Books have a long history of impact. Charles Dickens led the way toward child labor reform. Upton Sinclair forced food industry change. (Though that was not his intention.) A number of dystopian works (1984, Brave New World, Fahrenheit 451) caused people to evaluate the future and what they did or did not want in it. Uncle Tom's Cabin gave a face to slavery and helped usher Lincoln into the presidency. That's a lot of power for simple stories.
“And you yourself must be an example to them by doing good works of every kind. Let everything you do reflect the integrity and seriousness of your teaching. Teach the truth so that your teaching can’t be criticized.”

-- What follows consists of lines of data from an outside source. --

lemma mat_trace_similar:
  assumes A: "A \<in> carrier_mat n n" and w: "similar_mat_wit A B P Q"
  shows "mat_trace A = mat_trace B"
proof -
  note d = similar_mat_witD2[OF A w]
  have P: "P \<in> carrier_mat n n" and Q: "Q \<in> carrier_mat n n" and B: "B \<in> carrier_mat n n"
    using d by auto
  have "mat_trace A = mat_trace (P * (B * Q))" using d P B Q by simp
  also have "\<dots> = mat_trace (B * Q * P)" by (rule mat_trace_mult_comm[OF P]) (use B Q in auto)
  also have "\<dots> = mat_trace B" using d B Q P by simp
  finally show ?thesis .
qed

text \<open>Via a Schur decomposition: the diagonal of the triangular form lists the roots.\<close>
lemma mat_trace_eq_sum_roots:
  fixes A :: "complex mat"
  assumes A: "A \<in> carrier_mat n n" and cp: "char_poly A = (\<Prod>a\<leftarrow>es. [:- a, 1:])"
  shows "mat_trace A = sum_list es"
proof -
  obtain B P Q where "schur_decomposition A es = (B,P,Q)" by (metis prod_cases3)
  from schur_decomposition[OF A cp this]
  have w: "similar_mat_wit A B P Q" and dB: "diag_mat B = es" by simp_all
  have "dim_row B = n" using similar_mat_witD2(5)[OF A w] by simp
  then have "mat_trace B = sum_list (diag_mat B)"
    unfolding mat_trace_def diag_mat_def by (simp flip: sum_set_upt_conv_sum_list_nat)
  with mat_trace_similar[OF A w] dB show ?thesis by simp
qed

lemma mat_trace_unique_eigenvalue:
  fixes A :: "complex mat"
  assumes A: "A \<in> carrier_mat n n" and unique: "\<And>e. eigenvalue A e \<Longrightarrow> e = c"
  shows "mat_trace A = of_nat n * c"
proof -
  obtain es where cp: "char_poly A = (\<Prod>a\<leftarrow>es. [:- a, 1:])" and len: "length es = n"
    using char_poly_factorized[OF A] by blast
  have "e = c" if "e \<in> set es" for e
  proof (rule unique)
    have "poly (char_poly A) e = 0"
      unfolding cp using that by (induction es) auto
    then show "eigenvalue A e" using eigenvalue_root_char_poly[OF A] by simp
  qed
  then have "es = replicate n c" using len replicate_length_same by metis
  then show ?thesis using mat_trace_eq_sum_roots[OF A cp] by (simp add: sum_list_replicate)
qed

section \<open>The matrix T_M is similar to a nilpotent Jordan block\<close>

definition binom_sqrt :: "nat \<Rightarrow> nat \<Rightarrow> real" where
  "binom_sqrt M i = sqrt (real ((M - 1) choose i))"

definition T_rescaled :: "nat \<Rightarrow> real mat" where
  "T_rescaled M = mat M M (\<lambda>(i,j).
     if i = j then 2 * (2 * real i - (real M - 1))
     else if j = i + 1 then 2 * real (i+1)
     else if i = j + 1 then - 2 * (real M - 1 - real j)
     else 0)"

lemma binomial_absorption_real:
  "real (Suc k) * real (j choose Suc k) = (real j - real k) * real (j choose k)"
proof (cases "k \<le> j")
  case True
  have "Suc k * (j choose Suc k) = (j - k) * (j choose k)"
    using binomial_absorb_comp[of j k] binomial_absorption[of k j] by simp
  then have "real (Suc k * (j choose Suc k)) = real ((j - k) * (j choose k))" by simp
  then show ?thesis using True by (simp add: of_nat_diff algebra_simps)
qed (auto simp: binomial_eq_0)

lemma binom_sqrt_pos: "i < M \<Longrightarrow> binom_sqrt M i > 0"
  unfolding binom_sqrt_def by simp

lemma binomial_absorption_pred:
  assumes "i + 1 < M"
  shows "real (i+1) * real ((M-1) choose (i+1)) = (real M - real (i+1)) * real ((M-1) choose i)"
  using binomial_absorption_real[of i "M - 1"] assms by (simp add: of_nat_diff)

lemma binom_sqrt_T_superdiag:
  assumes "i + 1 < M"
  shows "binom_sqrt M i * sqrt (real (i+1) * (real M - real (i+1))) = real (i+1) * binom_sqrt M (i+1)"
proof -
  let ?x = "real ((M-1) choose i)" and ?y = "real ((M-1) choose (i+1))"
  have "?x * (real (i+1) * (real M - real (i+1))) = real (i+1) * ((real M - real (i+1)) * ?x)"
    by (simp only: mult_ac)
  also have "\<dots> = (real (i+1))\<^sup>2 * ?y"
    unfolding binomial_absorption_pred[OF assms, symmetric] by (simp add: power2_eq_square)
  finally have "sqrt ?x * sqrt (real (i+1) * (real M - real (i+1))) = sqrt ((real (i+1))\<^sup>2) * sqrt ?y"
    by (simp only: real_sqrt_mult[symmetric])
  then show ?thesis unfolding binom_sqrt_def by simp
qed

Am I suggesting Christian writing that's all sunshine and unicorns? Hardly. None of the above examples are works of perfect heroes and happy endings. Considering the Psalms, Lamentations, and the most graphic book of Scripture, Judges, no one can argue that the Bible shies away from tough plot lines. In fact, I would argue that Christians need to embrace the tough things in their writing a lot more often than we do.
But we need to do it with care. A teacher is responsible for his or her teaching. There is no “it was just a story” defense. Nothing is just a story. No communication enters a black hole. That applies whether we're writing a novel or an op ed about issues of the day. Our words have a heavy weight. Choose them with love, grace, and honesty. Choose them with care.